━━ Extracted entries ━━
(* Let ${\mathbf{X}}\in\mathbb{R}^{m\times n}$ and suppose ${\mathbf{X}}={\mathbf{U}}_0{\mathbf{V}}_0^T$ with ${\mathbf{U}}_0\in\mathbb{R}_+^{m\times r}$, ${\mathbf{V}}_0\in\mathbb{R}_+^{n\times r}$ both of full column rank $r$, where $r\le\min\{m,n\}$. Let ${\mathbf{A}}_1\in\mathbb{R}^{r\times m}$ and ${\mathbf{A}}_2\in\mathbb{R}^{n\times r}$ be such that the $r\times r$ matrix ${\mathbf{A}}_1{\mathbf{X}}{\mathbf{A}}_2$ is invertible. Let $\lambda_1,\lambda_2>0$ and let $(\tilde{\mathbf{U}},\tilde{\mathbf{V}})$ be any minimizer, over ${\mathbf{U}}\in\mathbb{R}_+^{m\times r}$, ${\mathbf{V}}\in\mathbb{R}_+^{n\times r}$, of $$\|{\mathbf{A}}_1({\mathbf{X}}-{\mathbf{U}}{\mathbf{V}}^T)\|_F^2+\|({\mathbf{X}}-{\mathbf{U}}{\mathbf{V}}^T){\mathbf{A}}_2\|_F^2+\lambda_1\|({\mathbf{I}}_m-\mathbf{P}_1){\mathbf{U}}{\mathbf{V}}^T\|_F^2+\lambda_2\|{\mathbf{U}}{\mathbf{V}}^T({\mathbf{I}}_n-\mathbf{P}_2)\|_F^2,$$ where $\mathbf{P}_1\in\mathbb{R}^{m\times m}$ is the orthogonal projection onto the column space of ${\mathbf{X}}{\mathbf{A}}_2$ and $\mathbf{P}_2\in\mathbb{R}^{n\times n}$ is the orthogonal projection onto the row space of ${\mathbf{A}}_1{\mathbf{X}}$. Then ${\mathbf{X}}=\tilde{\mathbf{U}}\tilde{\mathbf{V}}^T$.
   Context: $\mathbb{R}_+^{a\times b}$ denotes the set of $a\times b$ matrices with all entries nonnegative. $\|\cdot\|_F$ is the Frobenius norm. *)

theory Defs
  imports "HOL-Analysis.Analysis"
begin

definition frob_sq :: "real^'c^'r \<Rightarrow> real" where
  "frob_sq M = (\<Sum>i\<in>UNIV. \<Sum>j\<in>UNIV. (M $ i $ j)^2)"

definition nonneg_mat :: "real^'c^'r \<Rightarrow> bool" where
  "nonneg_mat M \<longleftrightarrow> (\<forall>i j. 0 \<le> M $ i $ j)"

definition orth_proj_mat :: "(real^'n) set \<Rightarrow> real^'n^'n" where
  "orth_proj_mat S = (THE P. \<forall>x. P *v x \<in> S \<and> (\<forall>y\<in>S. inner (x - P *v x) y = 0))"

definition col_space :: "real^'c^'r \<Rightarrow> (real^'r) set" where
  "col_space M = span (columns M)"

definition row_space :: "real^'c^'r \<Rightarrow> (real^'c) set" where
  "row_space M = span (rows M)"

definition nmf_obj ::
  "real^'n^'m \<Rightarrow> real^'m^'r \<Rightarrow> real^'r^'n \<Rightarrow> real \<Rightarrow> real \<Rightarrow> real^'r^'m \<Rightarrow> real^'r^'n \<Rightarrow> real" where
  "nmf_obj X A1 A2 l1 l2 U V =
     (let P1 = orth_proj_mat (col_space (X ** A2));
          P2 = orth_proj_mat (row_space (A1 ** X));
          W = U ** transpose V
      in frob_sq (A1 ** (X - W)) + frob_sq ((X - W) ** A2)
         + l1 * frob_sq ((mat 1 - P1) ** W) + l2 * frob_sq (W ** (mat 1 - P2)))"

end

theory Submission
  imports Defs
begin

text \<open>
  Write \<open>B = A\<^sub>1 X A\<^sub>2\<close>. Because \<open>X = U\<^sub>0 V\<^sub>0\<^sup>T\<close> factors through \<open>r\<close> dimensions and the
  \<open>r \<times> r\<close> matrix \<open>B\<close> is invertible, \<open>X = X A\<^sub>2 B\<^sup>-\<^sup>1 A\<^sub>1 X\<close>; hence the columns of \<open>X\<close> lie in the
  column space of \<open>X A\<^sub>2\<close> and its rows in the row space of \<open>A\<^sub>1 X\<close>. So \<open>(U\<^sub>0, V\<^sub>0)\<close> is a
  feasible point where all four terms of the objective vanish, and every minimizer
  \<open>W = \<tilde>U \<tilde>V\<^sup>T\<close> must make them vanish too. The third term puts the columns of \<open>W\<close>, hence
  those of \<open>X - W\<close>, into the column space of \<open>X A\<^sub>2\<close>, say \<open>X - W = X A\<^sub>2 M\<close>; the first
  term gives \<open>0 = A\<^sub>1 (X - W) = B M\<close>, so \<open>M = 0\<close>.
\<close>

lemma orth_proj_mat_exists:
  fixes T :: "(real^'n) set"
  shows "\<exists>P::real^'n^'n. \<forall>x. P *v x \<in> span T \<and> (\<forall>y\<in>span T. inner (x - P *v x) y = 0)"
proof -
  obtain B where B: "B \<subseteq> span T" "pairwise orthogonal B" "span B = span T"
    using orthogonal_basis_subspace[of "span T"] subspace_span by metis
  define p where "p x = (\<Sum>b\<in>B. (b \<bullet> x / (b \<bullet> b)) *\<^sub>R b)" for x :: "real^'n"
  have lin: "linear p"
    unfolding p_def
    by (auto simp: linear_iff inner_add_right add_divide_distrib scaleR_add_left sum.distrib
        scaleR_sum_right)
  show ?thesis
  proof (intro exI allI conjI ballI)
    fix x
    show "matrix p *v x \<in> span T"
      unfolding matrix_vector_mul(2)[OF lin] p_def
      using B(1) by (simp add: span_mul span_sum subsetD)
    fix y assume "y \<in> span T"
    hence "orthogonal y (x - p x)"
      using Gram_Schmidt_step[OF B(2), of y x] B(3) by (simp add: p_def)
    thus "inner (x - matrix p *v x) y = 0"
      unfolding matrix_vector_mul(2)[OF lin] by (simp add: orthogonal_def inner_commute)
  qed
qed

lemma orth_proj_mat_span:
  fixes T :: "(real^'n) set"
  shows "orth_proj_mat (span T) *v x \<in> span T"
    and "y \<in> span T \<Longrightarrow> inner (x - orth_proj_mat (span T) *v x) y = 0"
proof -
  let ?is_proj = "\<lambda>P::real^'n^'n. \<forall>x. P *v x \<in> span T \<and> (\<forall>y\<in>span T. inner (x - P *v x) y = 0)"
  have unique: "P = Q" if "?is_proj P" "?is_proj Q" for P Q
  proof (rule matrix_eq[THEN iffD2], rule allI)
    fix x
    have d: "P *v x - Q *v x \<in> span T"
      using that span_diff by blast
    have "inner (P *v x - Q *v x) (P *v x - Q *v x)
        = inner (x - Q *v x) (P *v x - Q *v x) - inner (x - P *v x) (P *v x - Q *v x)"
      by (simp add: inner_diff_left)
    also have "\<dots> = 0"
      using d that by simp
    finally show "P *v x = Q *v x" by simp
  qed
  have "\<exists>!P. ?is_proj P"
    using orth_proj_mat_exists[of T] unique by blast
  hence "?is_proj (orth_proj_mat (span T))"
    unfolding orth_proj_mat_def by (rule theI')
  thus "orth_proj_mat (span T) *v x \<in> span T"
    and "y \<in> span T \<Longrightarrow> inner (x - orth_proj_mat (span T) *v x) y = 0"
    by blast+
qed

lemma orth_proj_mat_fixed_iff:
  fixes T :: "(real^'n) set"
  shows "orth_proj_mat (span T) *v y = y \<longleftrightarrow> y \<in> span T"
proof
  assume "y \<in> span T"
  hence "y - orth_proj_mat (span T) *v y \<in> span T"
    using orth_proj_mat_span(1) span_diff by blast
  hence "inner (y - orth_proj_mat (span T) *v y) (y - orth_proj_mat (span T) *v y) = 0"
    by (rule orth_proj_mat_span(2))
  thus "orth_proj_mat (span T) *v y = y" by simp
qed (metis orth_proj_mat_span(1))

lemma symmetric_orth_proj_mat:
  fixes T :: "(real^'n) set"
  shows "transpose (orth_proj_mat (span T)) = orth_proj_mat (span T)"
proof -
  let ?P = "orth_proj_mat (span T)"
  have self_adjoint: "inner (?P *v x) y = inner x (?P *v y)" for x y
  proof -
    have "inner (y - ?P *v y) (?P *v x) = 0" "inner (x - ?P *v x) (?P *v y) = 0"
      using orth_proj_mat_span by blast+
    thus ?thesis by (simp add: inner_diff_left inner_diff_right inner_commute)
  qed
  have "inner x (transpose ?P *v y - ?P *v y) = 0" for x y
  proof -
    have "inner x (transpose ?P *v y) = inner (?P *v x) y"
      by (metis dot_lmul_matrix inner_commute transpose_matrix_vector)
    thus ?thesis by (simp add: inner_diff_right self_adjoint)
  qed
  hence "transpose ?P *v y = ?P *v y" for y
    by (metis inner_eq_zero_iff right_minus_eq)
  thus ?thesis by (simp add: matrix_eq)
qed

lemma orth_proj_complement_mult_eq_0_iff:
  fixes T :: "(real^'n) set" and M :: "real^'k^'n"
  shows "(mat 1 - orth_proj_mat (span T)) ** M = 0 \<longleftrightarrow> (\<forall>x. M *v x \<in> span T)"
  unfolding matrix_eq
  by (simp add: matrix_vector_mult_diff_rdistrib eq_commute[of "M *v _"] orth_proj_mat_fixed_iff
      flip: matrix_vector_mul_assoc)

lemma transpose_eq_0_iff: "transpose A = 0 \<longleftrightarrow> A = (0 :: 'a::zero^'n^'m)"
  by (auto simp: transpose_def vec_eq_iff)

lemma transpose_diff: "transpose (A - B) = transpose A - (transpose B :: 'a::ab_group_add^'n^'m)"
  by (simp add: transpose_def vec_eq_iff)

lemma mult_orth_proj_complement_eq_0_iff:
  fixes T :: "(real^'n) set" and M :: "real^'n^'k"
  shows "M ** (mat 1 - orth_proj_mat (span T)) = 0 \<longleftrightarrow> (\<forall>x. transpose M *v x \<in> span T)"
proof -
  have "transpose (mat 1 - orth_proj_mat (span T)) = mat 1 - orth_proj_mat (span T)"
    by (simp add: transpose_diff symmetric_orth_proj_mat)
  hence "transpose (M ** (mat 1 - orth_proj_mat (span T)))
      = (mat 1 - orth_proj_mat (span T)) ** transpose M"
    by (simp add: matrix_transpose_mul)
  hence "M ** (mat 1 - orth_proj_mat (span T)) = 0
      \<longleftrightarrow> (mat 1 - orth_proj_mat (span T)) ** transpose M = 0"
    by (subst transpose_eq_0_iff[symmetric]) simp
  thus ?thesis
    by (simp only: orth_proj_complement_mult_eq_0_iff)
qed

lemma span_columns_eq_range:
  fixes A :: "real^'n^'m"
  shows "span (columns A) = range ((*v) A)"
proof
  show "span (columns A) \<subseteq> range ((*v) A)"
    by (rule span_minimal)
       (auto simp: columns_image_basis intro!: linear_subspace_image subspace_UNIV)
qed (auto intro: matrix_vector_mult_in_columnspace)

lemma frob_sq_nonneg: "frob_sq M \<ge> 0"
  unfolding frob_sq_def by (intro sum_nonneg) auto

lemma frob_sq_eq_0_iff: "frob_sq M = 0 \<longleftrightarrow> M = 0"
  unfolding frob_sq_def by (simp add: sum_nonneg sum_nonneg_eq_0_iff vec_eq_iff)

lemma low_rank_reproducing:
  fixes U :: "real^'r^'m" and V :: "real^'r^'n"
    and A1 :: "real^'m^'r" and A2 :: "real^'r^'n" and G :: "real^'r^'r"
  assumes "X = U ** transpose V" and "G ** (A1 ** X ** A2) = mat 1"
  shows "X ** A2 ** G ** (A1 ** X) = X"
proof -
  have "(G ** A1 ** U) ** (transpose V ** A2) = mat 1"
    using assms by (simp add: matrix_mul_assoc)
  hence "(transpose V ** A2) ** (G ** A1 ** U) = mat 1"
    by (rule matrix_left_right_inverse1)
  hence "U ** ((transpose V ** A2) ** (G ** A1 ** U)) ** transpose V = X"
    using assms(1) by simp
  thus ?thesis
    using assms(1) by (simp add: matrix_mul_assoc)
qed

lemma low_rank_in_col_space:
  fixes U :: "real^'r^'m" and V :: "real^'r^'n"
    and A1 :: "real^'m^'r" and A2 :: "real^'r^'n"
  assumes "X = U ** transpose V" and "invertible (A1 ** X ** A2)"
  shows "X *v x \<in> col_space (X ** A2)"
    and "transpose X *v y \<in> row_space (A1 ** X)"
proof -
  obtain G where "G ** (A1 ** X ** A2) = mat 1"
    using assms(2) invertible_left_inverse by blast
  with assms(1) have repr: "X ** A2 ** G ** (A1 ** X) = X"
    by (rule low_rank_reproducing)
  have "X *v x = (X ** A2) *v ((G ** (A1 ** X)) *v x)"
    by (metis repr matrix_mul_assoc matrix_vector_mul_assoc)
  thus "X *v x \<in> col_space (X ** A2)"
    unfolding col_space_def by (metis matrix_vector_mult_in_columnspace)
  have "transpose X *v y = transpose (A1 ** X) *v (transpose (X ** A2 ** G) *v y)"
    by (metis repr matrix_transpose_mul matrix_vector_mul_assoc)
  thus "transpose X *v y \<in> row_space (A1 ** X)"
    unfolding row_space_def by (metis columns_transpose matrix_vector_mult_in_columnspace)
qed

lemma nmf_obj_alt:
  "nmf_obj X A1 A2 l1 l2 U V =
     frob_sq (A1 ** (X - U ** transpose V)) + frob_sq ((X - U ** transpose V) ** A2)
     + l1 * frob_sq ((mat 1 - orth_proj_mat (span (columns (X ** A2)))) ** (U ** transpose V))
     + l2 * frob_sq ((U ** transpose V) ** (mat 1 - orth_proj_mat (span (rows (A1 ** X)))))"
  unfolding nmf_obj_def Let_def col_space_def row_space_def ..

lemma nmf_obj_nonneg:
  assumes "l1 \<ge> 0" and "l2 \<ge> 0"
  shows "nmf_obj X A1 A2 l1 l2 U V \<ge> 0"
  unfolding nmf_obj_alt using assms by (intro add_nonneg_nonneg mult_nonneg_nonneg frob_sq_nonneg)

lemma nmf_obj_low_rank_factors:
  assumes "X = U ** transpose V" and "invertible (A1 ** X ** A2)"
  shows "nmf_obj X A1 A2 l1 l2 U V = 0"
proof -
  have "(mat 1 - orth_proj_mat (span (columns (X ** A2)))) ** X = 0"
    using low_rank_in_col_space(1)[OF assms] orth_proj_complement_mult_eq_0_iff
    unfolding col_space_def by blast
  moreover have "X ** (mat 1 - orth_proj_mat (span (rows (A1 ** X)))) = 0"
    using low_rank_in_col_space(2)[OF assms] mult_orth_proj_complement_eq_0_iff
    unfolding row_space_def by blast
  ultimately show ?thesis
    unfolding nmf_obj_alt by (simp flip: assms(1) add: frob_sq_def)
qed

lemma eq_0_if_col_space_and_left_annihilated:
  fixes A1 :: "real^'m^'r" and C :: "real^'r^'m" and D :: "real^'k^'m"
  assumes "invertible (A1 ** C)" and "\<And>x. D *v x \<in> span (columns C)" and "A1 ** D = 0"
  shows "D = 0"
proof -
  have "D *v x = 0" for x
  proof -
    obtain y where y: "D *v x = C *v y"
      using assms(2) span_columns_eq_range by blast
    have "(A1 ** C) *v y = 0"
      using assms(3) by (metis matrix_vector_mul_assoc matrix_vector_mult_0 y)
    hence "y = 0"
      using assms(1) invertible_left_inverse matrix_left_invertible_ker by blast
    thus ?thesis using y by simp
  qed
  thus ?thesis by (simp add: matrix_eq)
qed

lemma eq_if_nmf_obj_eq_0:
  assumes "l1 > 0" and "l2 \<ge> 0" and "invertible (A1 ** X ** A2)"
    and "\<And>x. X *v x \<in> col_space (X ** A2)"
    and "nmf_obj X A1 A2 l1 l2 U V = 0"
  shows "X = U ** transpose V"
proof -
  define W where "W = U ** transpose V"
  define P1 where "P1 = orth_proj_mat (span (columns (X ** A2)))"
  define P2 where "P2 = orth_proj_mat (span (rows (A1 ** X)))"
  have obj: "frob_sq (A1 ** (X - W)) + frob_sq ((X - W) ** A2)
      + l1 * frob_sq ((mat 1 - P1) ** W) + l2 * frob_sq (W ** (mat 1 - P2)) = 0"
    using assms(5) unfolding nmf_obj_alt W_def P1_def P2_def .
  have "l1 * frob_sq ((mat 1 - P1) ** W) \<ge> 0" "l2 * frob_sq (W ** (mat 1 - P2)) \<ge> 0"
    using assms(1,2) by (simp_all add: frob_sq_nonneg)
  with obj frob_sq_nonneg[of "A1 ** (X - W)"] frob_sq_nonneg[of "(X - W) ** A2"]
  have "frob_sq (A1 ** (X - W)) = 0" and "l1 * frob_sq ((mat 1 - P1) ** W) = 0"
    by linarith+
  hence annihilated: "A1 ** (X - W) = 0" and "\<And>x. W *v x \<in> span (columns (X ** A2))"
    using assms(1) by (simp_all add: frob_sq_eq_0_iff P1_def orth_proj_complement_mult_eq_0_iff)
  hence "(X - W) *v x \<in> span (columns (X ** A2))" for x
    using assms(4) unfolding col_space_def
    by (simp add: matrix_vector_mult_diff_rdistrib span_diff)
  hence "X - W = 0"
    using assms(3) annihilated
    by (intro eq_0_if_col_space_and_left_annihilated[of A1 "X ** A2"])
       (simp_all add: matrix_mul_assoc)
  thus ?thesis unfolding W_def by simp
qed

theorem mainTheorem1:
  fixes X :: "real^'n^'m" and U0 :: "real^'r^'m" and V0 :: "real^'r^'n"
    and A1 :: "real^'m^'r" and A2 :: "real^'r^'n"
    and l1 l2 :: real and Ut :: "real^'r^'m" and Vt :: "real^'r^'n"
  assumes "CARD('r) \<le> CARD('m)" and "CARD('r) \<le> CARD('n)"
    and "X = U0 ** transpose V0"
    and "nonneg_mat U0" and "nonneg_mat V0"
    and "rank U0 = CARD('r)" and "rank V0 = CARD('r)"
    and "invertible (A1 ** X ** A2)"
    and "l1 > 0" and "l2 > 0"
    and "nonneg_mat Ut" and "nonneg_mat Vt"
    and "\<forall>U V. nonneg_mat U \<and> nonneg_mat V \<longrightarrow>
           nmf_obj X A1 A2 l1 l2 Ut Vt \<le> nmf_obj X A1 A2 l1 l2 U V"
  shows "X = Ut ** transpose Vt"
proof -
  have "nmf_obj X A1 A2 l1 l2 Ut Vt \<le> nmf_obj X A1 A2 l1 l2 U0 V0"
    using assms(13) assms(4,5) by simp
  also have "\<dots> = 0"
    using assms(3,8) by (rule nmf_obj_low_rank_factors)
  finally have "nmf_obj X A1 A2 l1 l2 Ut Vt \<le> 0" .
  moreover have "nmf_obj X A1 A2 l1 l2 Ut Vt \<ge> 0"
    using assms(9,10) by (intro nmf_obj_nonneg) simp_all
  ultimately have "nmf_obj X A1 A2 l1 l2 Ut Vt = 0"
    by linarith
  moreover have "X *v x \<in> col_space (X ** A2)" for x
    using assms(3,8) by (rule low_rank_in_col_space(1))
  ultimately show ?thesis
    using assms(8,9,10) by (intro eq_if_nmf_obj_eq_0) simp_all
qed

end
━━━
━━ Extracted entries ━━
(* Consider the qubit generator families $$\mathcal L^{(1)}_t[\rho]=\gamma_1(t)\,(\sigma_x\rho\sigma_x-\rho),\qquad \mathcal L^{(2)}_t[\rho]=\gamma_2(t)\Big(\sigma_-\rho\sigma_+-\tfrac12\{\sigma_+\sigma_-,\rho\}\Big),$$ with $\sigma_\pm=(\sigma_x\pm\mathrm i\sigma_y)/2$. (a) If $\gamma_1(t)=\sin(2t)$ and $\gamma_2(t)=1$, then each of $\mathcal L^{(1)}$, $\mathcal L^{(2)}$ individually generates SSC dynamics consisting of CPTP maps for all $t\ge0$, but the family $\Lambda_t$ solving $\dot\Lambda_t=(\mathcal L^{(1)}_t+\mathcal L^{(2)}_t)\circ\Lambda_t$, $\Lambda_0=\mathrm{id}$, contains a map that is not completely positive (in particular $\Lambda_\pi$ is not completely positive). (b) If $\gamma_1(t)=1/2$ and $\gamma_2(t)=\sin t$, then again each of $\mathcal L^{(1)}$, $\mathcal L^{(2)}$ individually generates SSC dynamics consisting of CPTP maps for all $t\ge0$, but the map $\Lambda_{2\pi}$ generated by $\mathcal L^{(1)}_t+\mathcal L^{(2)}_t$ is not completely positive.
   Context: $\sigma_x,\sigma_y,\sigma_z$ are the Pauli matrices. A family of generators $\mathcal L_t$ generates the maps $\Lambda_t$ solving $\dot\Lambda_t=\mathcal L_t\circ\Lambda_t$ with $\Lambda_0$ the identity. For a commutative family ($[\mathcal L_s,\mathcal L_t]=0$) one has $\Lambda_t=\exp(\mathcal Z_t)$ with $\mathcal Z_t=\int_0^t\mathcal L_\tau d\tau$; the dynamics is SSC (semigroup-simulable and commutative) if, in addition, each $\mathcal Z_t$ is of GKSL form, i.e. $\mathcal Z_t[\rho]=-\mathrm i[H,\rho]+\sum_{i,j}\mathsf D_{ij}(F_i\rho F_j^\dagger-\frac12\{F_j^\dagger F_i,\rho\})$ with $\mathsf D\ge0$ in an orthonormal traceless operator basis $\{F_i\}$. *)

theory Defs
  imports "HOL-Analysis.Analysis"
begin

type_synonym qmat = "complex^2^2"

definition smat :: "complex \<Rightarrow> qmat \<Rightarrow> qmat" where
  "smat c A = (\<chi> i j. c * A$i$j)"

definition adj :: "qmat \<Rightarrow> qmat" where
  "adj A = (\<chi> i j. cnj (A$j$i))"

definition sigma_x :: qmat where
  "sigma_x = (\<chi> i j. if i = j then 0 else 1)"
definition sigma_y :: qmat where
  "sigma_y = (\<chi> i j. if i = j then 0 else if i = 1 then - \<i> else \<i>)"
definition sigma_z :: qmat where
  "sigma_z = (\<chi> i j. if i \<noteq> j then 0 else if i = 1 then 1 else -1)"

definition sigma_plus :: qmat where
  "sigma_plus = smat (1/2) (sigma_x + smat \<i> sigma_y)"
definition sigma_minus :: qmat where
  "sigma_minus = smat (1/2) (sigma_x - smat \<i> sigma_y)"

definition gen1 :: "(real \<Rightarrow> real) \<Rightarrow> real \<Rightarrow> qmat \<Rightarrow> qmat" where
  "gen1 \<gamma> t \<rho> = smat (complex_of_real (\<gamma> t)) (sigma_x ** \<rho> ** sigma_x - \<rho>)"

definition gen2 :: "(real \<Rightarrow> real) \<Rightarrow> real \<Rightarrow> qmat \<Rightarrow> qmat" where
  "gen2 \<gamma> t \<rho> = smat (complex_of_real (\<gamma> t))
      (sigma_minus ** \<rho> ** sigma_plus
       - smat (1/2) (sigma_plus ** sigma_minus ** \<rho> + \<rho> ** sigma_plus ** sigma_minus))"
━━━
Repeat word for word the lines above that run from the line containing "unfolding frob_sq_def by (intro" through the line containing "by (rule low_rank_reproducing)", both ends included, and nothing else.

Solution for this exercise
  unfolding frob_sq_def by (intro sum_nonneg) auto

lemma frob_sq_eq_0_iff: "frob_sq M = 0 \<longleftrightarrow> M = 0"
  unfolding frob_sq_def by (simp add: sum_nonneg sum_nonneg_eq_0_iff vec_eq_iff)

lemma low_rank_reproducing:
  fixes U :: "real^'r^'m" and V :: "real^'r^'n"
    and A1 :: "real^'m^'r" and A2 :: "real^'r^'n" and G :: "real^'r^'r"
  assumes "X = U ** transpose V" and "G ** (A1 ** X ** A2) = mat 1"
  shows "X ** A2 ** G ** (A1 ** X) = X"
proof -
  have "(G ** A1 ** U) ** (transpose V ** A2) = mat 1"
    using assms by (simp add: matrix_mul_assoc)
  hence "(transpose V ** A2) ** (G ** A1 ** U) = mat 1"
    by (rule matrix_left_right_inverse1)
  hence "U ** ((transpose V ** A2) ** (G ** A1 ** U)) ** transpose V = X"
    using assms(1) by simp
  thus ?thesis
    using assms(1) by (simp add: matrix_mul_assoc)
qed

lemma low_rank_in_col_space:
  fixes U :: "real^'r^'m" and V :: "real^'r^'n"
    and A1 :: "real^'m^'r" and A2 :: "real^'r^'n"
  assumes "X = U ** transpose V" and "invertible (A1 ** X ** A2)"
  shows "X *v x \<in> col_space (X ** A2)"
    and "transpose X *v y \<in> row_space (A1 ** X)"
proof -
  obtain G where "G ** (A1 ** X ** A2) = mat 1"
    using assms(2) invertible_left_inverse by blast
  with assms(1) have repr: "X ** A2 ** G ** (A1 ** X) = X"
    by (rule low_rank_reproducing)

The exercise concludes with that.